Disk Space: Allocate at least 10 GB free for the Roboflow Jetson image (8.14 GB).

JetPack Version: Must be running a supported JetPack (4.5, 4.6, 5.x, or 6.x).

Recommended Hardware: For best performance while running Inference, we recommend an NVIDIA Orin NX 16 GB or above.
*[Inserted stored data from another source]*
lemma quasi_isometry_orbit_map:
  assumes geo: "geodesic_fibres p d" and near: "orbit_dense p d act x1 K"
    and R: "2 * K + 1 \<le> R"
  shows "quasi_isometry (SR_dist p d act x1 R) (edist p d) (act x1)"
proof (rule quasi_isometryI[where L = "R + 1" and C = "max 1 K"])
  show "1 \<le> R + 1"
    using R orbit_dense_nonneg[OF near] by simp
  show "0 \<le> max 1 K"
    by simp
  fix s t
  show "SR_dist p d act x1 R s t < \<infinity> \<longleftrightarrow> edist p d (act x1 s) (act x1 t) < \<infinity>"
    unfolding edist_finite_iff by (rule SR_dist_finite_iff[OF assms])
next
  fix s t
  assume "SR_dist p d act x1 R s t < \<infinity>"
  then have fib: "p (act x1 s) = p (act x1 t)"
    using SR_dist_finite_iff[OF assms] by blast
  let ?D = "d (act x1 s) (act x1 t)"
  obtain n where n: "SR_dist p d act x1 R s t = ereal (real n)" "?D \<le> R * real n"
      "real n \<le> ?D + 1"
    using SR_dist_bounds[OF assms fib] by blast
  have "edist p d (act x1 s) (act x1 t) = ereal ?D"
    using fib by (rule edist_eq)
  moreover have "?D \<le> (R + 1) * real n + max 1 K"
    using n(2) by (simp add: algebra_simps)
  moreover have "R * ?D \<ge> 0"
    using zero_le_dist[OF fib] R orbit_dense_nonneg[OF near] by simp
  then have "real n \<le> (R + 1) * ?D + max 1 K"
    using n(3) by (simp add: algebra_simps)
  ultimately show "real_of_ereal (edist p d (act x1 s) (act x1 t))
      \<le> (R + 1) * real_of_ereal (SR_dist p d act x1 R s t) + max 1 K \<and>
    real_of_ereal (SR_dist p d act x1 R s t)
      \<le> (R + 1) * real_of_ereal (edist p d (act x1 s) (act x1 t)) + max 1 K"
    using n(1) by simp
next
  fix z
  obtain s where "p (act x1 s) = p z" "d (act x1 s) z \<le> K"
    using near unfolding orbit_dense_def by blast
  then have "p z = p (act x1 s) \<and> d z (act x1 s) \<le> max 1 K"
    using dist_commute[of "act x1 s" z] by simp
  then show "\<exists>s. edist p d z (act x1 s) \<le> ereal (max 1 K)"
    unfolding edist_le_ereal_iff by blast
qed

end

theorem lemma3p9:
  fixes p :: "'x \<Rightarrow> 's::monoid_mult"
    and rs act :: "'x \<Rightarrow> 's \<Rightarrow> 'x"
    and d :: "'x \<Rightarrow> 'x \<Rightarrow> real"
    and x1 :: 'x
  assumes "inverse_monoid TYPE('s)"
    and "global_presheaf_metric p rs d"
    and "geodesic_fibres p d"
    and "is_action p rs d act"
    and "proper_action p d act"
    and "cobounded_action p d act"
    and "p x1 = 1"
  shows "\<exists>T\<ge>0. \<forall>R\<ge>T. quasi_isometric (SR_dist p d act x1 R) (edist p d)"
proof -
  have metric: "fibred_metric p d"
    using assms(2) by (rule global_presheaf_metric_imp_fibred_metric)
  obtain K where dense: "orbit_dense p d act x1 K"
    using cobounded_orbit_dense[OF metric assms(4,6,7)] by blast
  have "quasi_isometric (SR_dist p d act x1 R) (edist p d)" if "2 * K + 1 \<le> R" for R
    using fibred_metric.quasi_isometry_orbit_map[OF metric assms(3) dense that]
    unfolding quasi_isometric_def by blast
  moreover have "0 \<le> 2 * K + 1"
    using fibred_metric.orbit_dense_nonneg[OF metric dense] by simp
  ultimately show ?thesis
    by blast
qed

end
Docker & NVIDIA Container Toolkit
- Requires Docker + NVIDIA runtime so containers can access the GPU.
- Instead of detailing installation here, follow these instructions:
- Docker install:
https://docs.docker.com/engine/install/ubuntu/
- NVIDIA Container Toolkit:
https://docs.nvidia.com/datacenter/cloud-native/container-toolkit/install-guide.html

We have specialized containers built with support for hardware acceleration on JetPack L4T. To automatically detect your JetPack version and use the right container with good default settings run:

pip install inference-cli
inference server start

Manually Starting the Container¶

If you want more control of the container settings you can also start it manually. Jetson devices with NVIDIA Jetpack are pre-configured with NVIDIA Container Runtime and will be hardware accelerated out of the box:

Jetpack 6Jetpack 5Jetpack 4.6Jetpack 4.5

sudo docker run -d \
    --name inference-server \
    --runtime nvidia \
    --read-only \
    -p 9001:9001 \
    --volume ~/.inference/cache:/tmp:rw \
    --security-opt="no-new-privileges" \
    --cap-drop="ALL" \
    --cap-add="NET_BIND_SERVICE" \
    roboflow/roboflow-inference-server-jetson-6.0.0:latest

sudo docker run -d \
    --name inference-server \
    --runtime nvidia \
    --read-only \
    -p 9001:9001 \
    --volume ~/.inference/cache:/tmp:rw \
    --security-opt="no-new-privileges" \
    --cap-drop="ALL" \
    --cap-add="NET_BIND_SERVICE" \
    roboflow/roboflow-inference-server-jetson-5.1.1:latest

Warning

Jetpack 4 is deprecated and will not receive future updates. Please migrate to Jetpack 6.

sudo docker run -d \
    --name inference-server \
    --runtime nvidia \
    --read-only \
    -p 9001:9001 \
    --volume ~/.inference/cache:/tmp:rw \
    --security-opt="no-new-privileges" \
    --cap-drop="ALL" \
    --cap-add="NET_BIND_SERVICE" \
    CPUExecutionProvider]" \
    roboflow/roboflow-inference-server-jetson-4.6.1:latest

Warning

Jetpack 4 is deprecated and will not receive future updates. Please migrate to Jetpack 6.

sudo docker run -d \
    --name inference-server \
    --runtime nvidia \
    --read-only \
    -p 9001:9001 \
    --volume ~/.inference/cache:/tmp:rw \
    --security-opt="no-new-privileges" \
    --cap-drop="ALL" \
    --cap-add="NET_BIND_SERVICE" \
    CPUExecutionProvider]" \
    roboflow/roboflow-inference-server-jetson-4.5.0:latest

TensorRT¶

You can optionally enable TensorRT, NVIDIA's model optimization runtime that will greatly increase your models' speed at the expense of a heavy compilation and optimization step (sometimes 15+ minutes) the first time you load each model.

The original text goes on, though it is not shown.